Helaas heeft de CRvB nog geen Wmo-uitspraken gedaan over de compensatieplicht van het college betreffende kosten voor ondersteuning gemaakt in het buitenland. Wel zijn mij onder de Wmo 2007 een tweetal uitspraken bekend waarin een rechtbank zich over deze vraag heeft gebogen. De rechtbank Arnhem heeft in 2010 geoordeeld dat het niet de bedoeling is geweest van de wetgever om Wmo-voorzieningen buiten de landsgrenzen mogelijk te maken. Het beleid van het college dat in uitzonderingssituaties een aanvullende tegemoetkoming voor de kosten van vervoer in en naar het buitenland kan worden verstrekt, moet volgens de rechtbank worden gekwalificeerd als begunstigend, buitenwettelijk beleid. (Rechtbank Arnhem 09-03-2010, nr. AWB 09/1043).

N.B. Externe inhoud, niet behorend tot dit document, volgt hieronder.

(* Let $K$ be a field of characteristic $p>0$ with $[K:K^p]<\infty$, and let $D$ be a derivation of $K$ of order $p^n$. Then the field extension $K/K^D$ has degree $p^n$, there exists $t\in K$ with $D(t)=1$, and $\mathrm{Im}(D^i)=\ker(D^{p^n-i})$ for every $i=1,\dots,p^n$.
   Context: $K^D=\{x\in K\mid D(x)=0\}$, a subfield of $K$ over which $D$ is linear. A derivation $D$ of $K$ has order $r$ if it is nilpotent of index $r$, i.e. $D^r=0$ and $D^{r-1}\neq0$. *)

theory Defs
  imports "HOL-Algebra.Algebra"
begin

definition ring_char_is :: "('a, 'b) ring_scheme \<Rightarrow> nat \<Rightarrow> bool" where
  "ring_char_is R p \<longleftrightarrow> p > 0 \<and> ([p] \<cdot>\<^bsub>R\<^esub> \<one>\<^bsub>R\<^esub>) = \<zero>\<^bsub>R\<^esub> \<and>
     (\<forall>m. 0 < m \<and> m < p \<longrightarrow> ([m] \<cdot>\<^bsub>R\<^esub> \<one>\<^bsub>R\<^esub>) \<noteq> \<zero>\<^bsub>R\<^esub>)"

definition derivation :: "('a, 'b) ring_scheme \<Rightarrow> ('a \<Rightarrow> 'a) \<Rightarrow> bool" where
  "derivation R D \<longleftrightarrow>
     (\<forall>x\<in>carrier R. D x \<in> carrier R) \<and>
     (\<forall>x\<in>carrier R. \<forall>y\<in>carrier R. D (x \<oplus>\<^bsub>R\<^esub> y) = D x \<oplus>\<^bsub>R\<^esub> D y) \<and>
     (\<forall>x\<in>carrier R. \<forall>y\<in>carrier R. D (x \<otimes>\<^bsub>R\<^esub> y) = (x \<otimes>\<^bsub>R\<^esub> D y) \<oplus>\<^bsub>R\<^esub> (D x \<otimes>\<^bsub>R\<^esub> y))"

definition derivation_order :: "('a, 'b) ring_scheme \<Rightarrow> ('a \<Rightarrow> 'a) \<Rightarrow> nat \<Rightarrow> bool" where
  "derivation_order R D r \<longleftrightarrow>
     (\<forall>x\<in>carrier R. (D ^^ r) x = \<zero>\<^bsub>R\<^esub>) \<and> (\<exists>x\<in>carrier R. (D ^^ (r - 1)) x \<noteq> \<zero>\<^bsub>R\<^esub>)"

definition pth_powers :: "('a, 'b) ring_scheme \<Rightarrow> nat \<Rightarrow> 'a set" where
  "pth_powers R p = (\<lambda>x. x [^]\<^bsub>R\<^esub> p) ` carrier R"

definition constants :: "('a, 'b) ring_scheme \<Rightarrow> ('a \<Rightarrow> 'a) \<Rightarrow> 'a set" where
  "constants R D = {x \<in> carrier R. D x = \<zero>\<^bsub>R\<^esub>}"

end

theory Submission
  imports Defs
begin

text \<open>
  Let \<open>N = p^n\<close> and pick \<open>x\<close> with \<open>D^(N-1) x \<noteq> 0\<close>; then \<open>D^(N-1) x\<close> is a nonzero
  constant. If \<open>D^(k+1) y = 0\<close>, then \<open>D^k y\<close> is a constant too, so for
  \<open>c = D^k y / D^(N-1) x\<close> the element \<open>y - c D^(N-k-1) x\<close> lies in \<open>ker D^k\<close>. Induction on
  \<open>k\<close> shows that \<open>D^(N-k) x, \<dots>, D^(N-1) x\<close> is a basis of \<open>ker D^k\<close> over \<open>K^D\<close> and that
  \<open>ker D^k = Im D^(N-k)\<close>. For \<open>k = N\<close> this gives \<open>[K : K^D] = N\<close>, and as \<open>N \<ge> 2\<close>,
  \<open>1 \<in> ker D = Im D^(N-1) \<subseteq> Im D\<close>.
\<close>

lemma (in ring) ring_char_is_ge_two:
  assumes "\<one> \<noteq> \<zero>" and "ring_char_is R p"
  shows "p \<ge> 2"
proof -
  have "p \<noteq> 1" using assms unfolding ring_char_is_def by auto
  with assms(2) show ?thesis unfolding ring_char_is_def by simp
qed

locale field_derivation = field R for R (structure) +
  fixes D :: "'a \<Rightarrow> 'a"
  assumes derivation: "derivation R D"
begin

lemma derivation_closed: "x \<in> carrier R \<Longrightarrow> D x \<in> carrier R"
  using derivation unfolding derivation_def by blast

lemma derivation_add: "x \<in> carrier R \<Longrightarrow> y \<in> carrier R \<Longrightarrow> D (x \<oplus> y) = D x \<oplus> D y"
  using derivation unfolding derivation_def by blast

lemma derivation_mult:
  "x \<in> carrier R \<Longrightarrow> y \<in> carrier R \<Longrightarrow> D (x \<otimes> y) = (x \<otimes> D y) \<oplus> (D x \<otimes> y)"
  using derivation unfolding derivation_def by blast

lemma derivation_zero: "D \<zero> = \<zero>"
proof -
  have "D \<zero> \<oplus> D \<zero> = D \<zero> \<oplus> \<zero>"
    using derivation_add[of \<zero> \<zero>] derivation_closed[of \<zero>] by simp
  then show ?thesis using derivation_closed[of \<zero>] by (simp add: add.l_cancel)
qed

lemma derivation_one: "D \<one> = \<zero>"
proof -
  have "D \<one> \<oplus> D \<one> = D \<one> \<oplus> \<zero>"
    using derivation_mult[of \<one> \<one>] derivation_closed[of \<one>] by simp
  then show ?thesis using derivation_closed[of \<one>] by (simp add: add.l_cancel)
qed

lemma derivation_minus: "x \<in> carrier R \<Longrightarrow> D (\<ominus> x) = \<ominus> D x"
  using derivation_add[of "\<ominus> x" x] derivation_closed[of x] derivation_closed[of "\<ominus> x"]
  by (simp add: l_neg derivation_zero add.inv_equality)

lemma derivation_diff: "x \<in> carrier R \<Longrightarrow> y \<in> carrier R \<Longrightarrow> D (x \<ominus> y) = D x \<ominus> D y"
  by (simp add: a_minus_def derivation_add derivation_minus)

lemma mem_constants_iff [simp]: "c \<in> constants R D \<longleftrightarrow> c \<in> carrier R \<and> D c = \<zero>"
  unfolding constants_def by simp

lemma derivation_constant_mult:
  "c \<in> constants R D \<Longrightarrow> y \<in> carrier R \<Longrightarrow> D (c \<otimes> y) = c \<otimes> D y"
  using derivation_mult derivation_closed by simp

lemma constants_m_closed:
  "a \<in> constants R D \<Longrightarrow> b \<in> constants R D \<Longrightarrow> a \<otimes> b \<in> constants R D"
  using derivation_constant_mult by simp

lemma constants_inv_closed:
  assumes "c \<in> constants R D" and "c \<noteq> \<zero>"
  shows "inv c \<in> constants R D"
proof -
  have c: "c \<in> carrier R" "D c = \<zero>" "c \<in> Units R" using assms field_Units by auto
  have "c \<otimes> D (inv c) = D (c \<otimes> inv c)"
    using derivation_constant_mult[OF assms(1), of "inv c"] c by simp
  also have "\<dots> = \<zero>" using c derivation_one by simp
  finally show ?thesis
    using c assms(2) derivation_closed[of "inv c"] integral by auto
qed

lemma iter_closed: "x \<in> carrier R \<Longrightarrow> (D ^^ k) x \<in> carrier R"
  by (induction k) (auto simp: derivation_closed)

lemma iter_zero: "(D ^^ k) \<zero> = \<zero>"
  by (induction k) (auto simp: derivation_zero)

lemma iter_add:
  "x \<in> carrier R \<Longrightarrow> y \<in> carrier R \<Longrightarrow> (D ^^ k) (x \<oplus> y) = (D ^^ k) x \<oplus> (D ^^ k) y"
  by (induction k) (auto simp: derivation_add iter_closed)

lemma iter_diff:
  "x \<in> carrier R \<Longrightarrow> y \<in> carrier R \<Longrightarrow> (D ^^ k) (x \<ominus> y) = (D ^^ k) x \<ominus> (D ^^ k) y"
  by (induction k) (auto simp: derivation_diff iter_closed)

lemma iter_iter: "(D ^^ k) ((D ^^ j) y) = (D ^^ (k + j)) y"
  by (simp add: funpow_add)

lemma iter_constant_mult:
  "c \<in> constants R D \<Longrightarrow> y \<in> carrier R \<Longrightarrow> (D ^^ k) (c \<otimes> y) = c \<otimes> (D ^^ k) y"
  by (induction k) (auto simp: derivation_constant_mult iter_closed)

end

text \<open>\<open>x\<close> is a cyclic vector: its iterates \<open>D^i x\<close>, \<open>i < N\<close>, turn out to be a basis of
  \<open>K\<close> over \<open>K^D\<close>.\<close>

locale cyclic_derivation = field_derivation +
  fixes N :: nat and x :: 'a
  assumes nilpotent: "y \<in> carrier R \<Longrightarrow> (D ^^ N) y = \<zero>"
    and cyclic_closed: "x \<in> carrier R"
    and cyclic_vector: "(D ^^ (N - 1)) x \<noteq> \<zero>"
begin

lemma index_pos: "N > 0"
  using nilpotent[OF cyclic_closed] cyclic_vector by (cases N) auto

lemma last_iterate_constant: "(D ^^ (N - 1)) x \<in> constants R D"
  using nilpotent[OF cyclic_closed] index_pos iter_closed[OF cyclic_closed]
  by (metis Suc_diff_1 comp_apply funpow.simps(2) mem_constants_iff)

lemma iter_constant_mult_iterate:
  "c \<in> constants R D \<Longrightarrow> (D ^^ k) (c \<otimes> (D ^^ j) x) = c \<otimes> (D ^^ (k + j)) x"
  using iter_constant_mult iter_closed[OF cyclic_closed] by (simp add: funpow_add)

lemma kernel_Suc_decompose:
  assumes "Suc k \<le> N" and "y \<in> {y \<in> carrier R. (D ^^ Suc k) y = \<zero>}"
  obtains c y' where "c \<in> constants R D" "y' \<in> carrier R" "(D ^^ k) y' = \<zero>"
    and "y = c \<otimes> (D ^^ (N - Suc k)) x \<oplus> y'"
proof -
  have y: "y \<in> carrier R" "(D ^^ Suc k) y = \<zero>" using assms(2) by blast+
  let ?b = "(D ^^ (N - 1)) x" and ?v = "(D ^^ (N - Suc k)) x"
  have b: "?b \<in> constants R D" "?b \<in> Units R"
    using last_iterate_constant cyclic_vector field_Units by auto
  have "(D ^^ k) y \<in> constants R D"
    using y iter_closed by simp
  then have c: "(D ^^ k) y \<otimes> inv ?b \<in> constants R D" (is "?c \<in> _")
    using b constants_m_closed constants_inv_closed cyclic_vector by blast
  have v: "?v \<in> carrier R" using iter_closed cyclic_closed by simp
  have "(D ^^ k) (?c \<otimes> ?v) = ?c \<otimes> ?b"
    using iter_constant_mult_iterate[OF c] assms(1) by (simp add: Suc_diff_Suc)
  also have "\<dots> = (D ^^ k) y"
    using b iter_closed[OF y(1)] by (simp add: m_assoc)
  finally have "(D ^^ k) (y \<ominus> ?c \<otimes> ?v) = \<zero>"
    using iter_diff[of y "?c \<otimes> ?v" k] y(1) c v iter_closed by (simp add: a_minus_def r_neg)
  moreover have "y = ?c \<otimes> ?v \<oplus> (y \<ominus> ?c \<otimes> ?v)"
    using y(1) c v by (simp add: a_minus_def add.m_lcomm r_neg)
  moreover have "y \<ominus> ?c \<otimes> ?v \<in> carrier R" using y(1) c v by simp
  ultimately show ?thesis using that[OF c] by blast
qed

lemma Span_iterates_eq_kernel:
  "k \<le> N \<Longrightarrow>
   Span (constants R D) (map (\<lambda>i. (D ^^ i) x) [N - k..<N]) = {y \<in> carrier R. (D ^^ k) y = \<zero>}"
proof (induction k)
  case 0
  then show ?case by auto
next
  case (Suc k)
  let ?v = "(D ^^ (N - Suc k)) x"
  have v: "?v \<in> carrier R" using iter_closed cyclic_closed by simp
  have Span_Cons: "Span (constants R D) (map (\<lambda>i. (D ^^ i) x) [N - Suc k..<N])
      = line_extension (constants R D) ?v {y \<in> carrier R. (D ^^ k) y = \<zero>}"
    using Suc by (simp add: upt_conv_Cons Suc_diff_Suc)
  show ?case
  proof (intro equalityI subsetI)
    fix y assume "y \<in> Span (constants R D) (map (\<lambda>i. (D ^^ i) x) [N - Suc k..<N])"
    then obtain c y' where c: "c \<in> constants R D" and y': "y' \<in> carrier R" "(D ^^ k) y' = \<zero>"
      and y: "y = c \<otimes> ?v \<oplus> y'"
      unfolding Span_Cons line_extension_mem_iff by blast
    have "(D ^^ Suc k) (c \<otimes> ?v) = c \<otimes> (D ^^ N) x"
      using iter_constant_mult_iterate[OF c, of "Suc k"] Suc.prems by (simp del: funpow.simps)
    also have "\<dots> = \<zero>" using nilpotent cyclic_closed c by simp
    moreover have "(D ^^ Suc k) y' = \<zero>" using y' derivation_zero by simp
    ultimately show "y \<in> {y \<in> carrier R. (D ^^ Suc k) y = \<zero>}"
      using y y' c v iter_add[of "c \<otimes> ?v" y' "Suc k"] by (simp del: funpow.simps)
  next
    fix y assume "y \<in> {y \<in> carrier R. (D ^^ Suc k) y = \<zero>}"
    then obtain c y' where "c \<in> constants R D" "y' \<in> carrier R" "(D ^^ k) y' = \<zero>"
      and "y = c \<otimes> ?v \<oplus> y'"
      by (rule kernel_Suc_decompose[OF Suc.prems])
    then show "y \<in> Span (constants R D) (map (\<lambda>i. (D ^^ i) x) [N - Suc k..<N])"
      unfolding Span_Cons line_extension_mem_iff by blast
  qed
qed

lemma independent_iterates:
  "k \<le> N \<Longrightarrow> independent (constants R D) (map (\<lambda>i. (D ^^ i) x) [N - k..<N])"
proof (induction k)
  case 0
  then show ?case by simp
next
  case (Suc k)
  let ?v = "(D ^^ (N - Suc k)) x"
  have "k + (N - Suc k) = N - 1" using Suc.prems by simp
  then have "(D ^^ k) ?v = (D ^^ (N - 1)) x" by (simp only: iter_iter)
  then have "?v \<notin> Span (constants R D) (map (\<lambda>i. (D ^^ i) x) [N - k..<N])"
    using Span_iterates_eq_kernel[of k] Suc.prems cyclic_vector by simp
  with Suc show ?case
    using iter_closed[OF cyclic_closed]
    by (simp add: upt_conv_Cons Suc_diff_Suc li_Cons)
qed

lemma kernel_subset_image:
  "k \<le> N \<Longrightarrow> {y \<in> carrier R. (D ^^ k) y = \<zero>} \<subseteq> (D ^^ (N - k)) ` carrier R"
proof (induction k)
  case 0
  show ?case using iter_zero by (auto intro!: image_eqI[where x = \<zero>])
next
  case (Suc k)
  let ?j = "N - Suc k"
  show ?case
  proof
    fix y assume "y \<in> {y \<in> carrier R. (D ^^ Suc k) y = \<zero>}"
    then obtain c y' where c: "c \<in> constants R D" and y': "y' \<in> carrier R" "(D ^^ k) y' = \<zero>"
      and y: "y = c \<otimes> (D ^^ ?j) x \<oplus> y'"
      by (rule kernel_Suc_decompose[OF Suc.prems])
    have "y' \<in> (D ^^ (N - k)) ` carrier R" using Suc y' by auto
    then obtain z where z: "z \<in> carrier R" "y' = (D ^^ (N - k)) z" by blast
    have "N - k = ?j + 1" using Suc.prems by simp
    then have "y' = (D ^^ ?j) (D z)" using z by (simp only: iter_iter[symmetric]) simp
    then have "y = (D ^^ ?j) (c \<otimes> x \<oplus> D z)"
      using y z c cyclic_closed derivation_closed by (simp add: iter_add iter_constant_mult)
    then show "y \<in> (D ^^ ?j) ` carrier R"
      using c cyclic_closed z derivation_closed by auto
  qed
qed

theorem dimension_constants: "dimension N (constants R D) (carrier R)"
proof -
  have "dimension N (constants R D) (Span (constants R D) (map (\<lambda>i. (D ^^ i) x) [0..<N]))"
    using dimension_independent[OF independent_iterates[of N]] by (simp del: Span.simps)
  moreover have "{y \<in> carrier R. (D ^^ N) y = \<zero>} = carrier R" using nilpotent by auto
  ultimately show ?thesis using Span_iterates_eq_kernel[of N] by (simp del: Span.simps)
qed

theorem image_iter_eq_kernel:
  "i \<le> N \<Longrightarrow> (D ^^ i) ` carrier R = {y \<in> carrier R. (D ^^ (N - i)) y = \<zero>}"
proof (intro equalityI subsetI)
  fix y assume "i \<le> N" and "y \<in> (D ^^ i) ` carrier R"
  then show "y \<in> {y \<in> carrier R. (D ^^ (N - i)) y = \<zero>}"
    using nilpotent iter_closed by (auto simp: iter_iter)
qed (use kernel_subset_image[of "N - i"] in auto)

theorem exists_antiderivative_one:
  assumes "N \<ge> 2"
  shows "\<exists>t\<in>carrier R. D t = \<one>"
proof -
  have "\<one> \<in> (D ^^ (N - 1)) ` carrier R"
    using image_iter_eq_kernel[of "N - 1"] assms derivation_one by simp
  then obtain z where z: "z \<in> carrier R" "(D ^^ (N - 1)) z = \<one>" by force
  have "N - 1 = Suc (N - 2)" using assms by simp
  then have "(D ^^ (N - 1)) z = D ((D ^^ (N - 2)) z)" by simp
  then show ?thesis using z iter_closed by metis
qed

end

theorem lemma4p3:
  fixes R :: "('a, 'b) ring_scheme" and D :: "'a \<Rightarrow> 'a" and p n :: nat
  assumes "field R"
    and "ring_char_is R p"
    and "ring.finite_dimension R (pth_powers R p) (carrier R)"
    and "derivation R D"
    and "n \<ge> 1"
    and "derivation_order R D (p ^ n)"
  shows "ring.dimension R (p ^ n) (constants R D) (carrier R)
     \<and> (\<exists>t\<in>carrier R. D t = \<one>\<^bsub>R\<^esub>)
     \<and> (\<forall>i\<in>{1..p ^ n}. (D ^^ i) ` carrier R = {x \<in> carrier R. (D ^^ (p ^ n - i)) x = \<zero>\<^bsub>R\<^esub>})"
proof -
  obtain x where "x \<in> carrier R" "(D ^^ (p ^ n - 1)) x \<noteq> \<zero>\<^bsub>R\<^esub>"
    using assms(6) unfolding derivation_order_def by blast
  then interpret cyclic_derivation R D "p ^ n" x
    using assms(1,4,6) unfolding derivation_order_def
    by (intro cyclic_derivation.intro field_derivation.intro
        cyclic_derivation_axioms.intro field_derivation_axioms.intro) auto
  have "p ^ 1 \<le> p ^ n"
    using ring_char_is_ge_two[OF one_not_zero assms(2)] assms(5) by (intro power_increasing) auto
  then have "p ^ n \<ge> 2" using ring_char_is_ge_two[OF one_not_zero assms(2)] by simp
  then show ?thesis
    using dimension_constants exists_antiderivative_one image_iter_eq_kernel by auto
qed

end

De rechtbank Breda oordeelde dat niet is beoogd dat vervoersvoorzieningen worden getroffen die gebruikt worden buiten Nederland (Rechtbank Breda 10-01-2011, nr. 09/3902 WMO).

Compensatieplicht?

Op basis van bovenstaande argumentatie is mijn verwachting dat het onder de Wmo 2015 toegestaan is om de lijn van territorialiteit te hanteren. Dat betekent dus dat als het kosten voor Wmo-ondersteuning buiten Nederland betreft, deze kosten niet onder de compensatieplicht van de Wmo 2015 vallen. Mijns inziens is het college in die gevallen dus bevoegd om ondersteuningskosten gemaakt in het buitenland te weigeren, tenzij het college hier vooraf expliciet toestemming voor heeft verleend of in het geval het college gemeentelijk beleid heeft (m.i. dus buitenwettelijk begunstigend) waarin bijvoorbeeld is geregeld dat het pgb tijdelijk (bijvoorbeeld voor maximaal 4 weken) aan bepaalde ondersteuning in het buitenland mag worden besteed. Denkbaar is bijvoorbeeld de situatie waarbij een meerderjarig kind met een verstandelijke beperking met de ouders meegaat op vakantie en de ouders tijdens deze vakantieperiode begeleiding bieden bij de persoonlijke verzorging.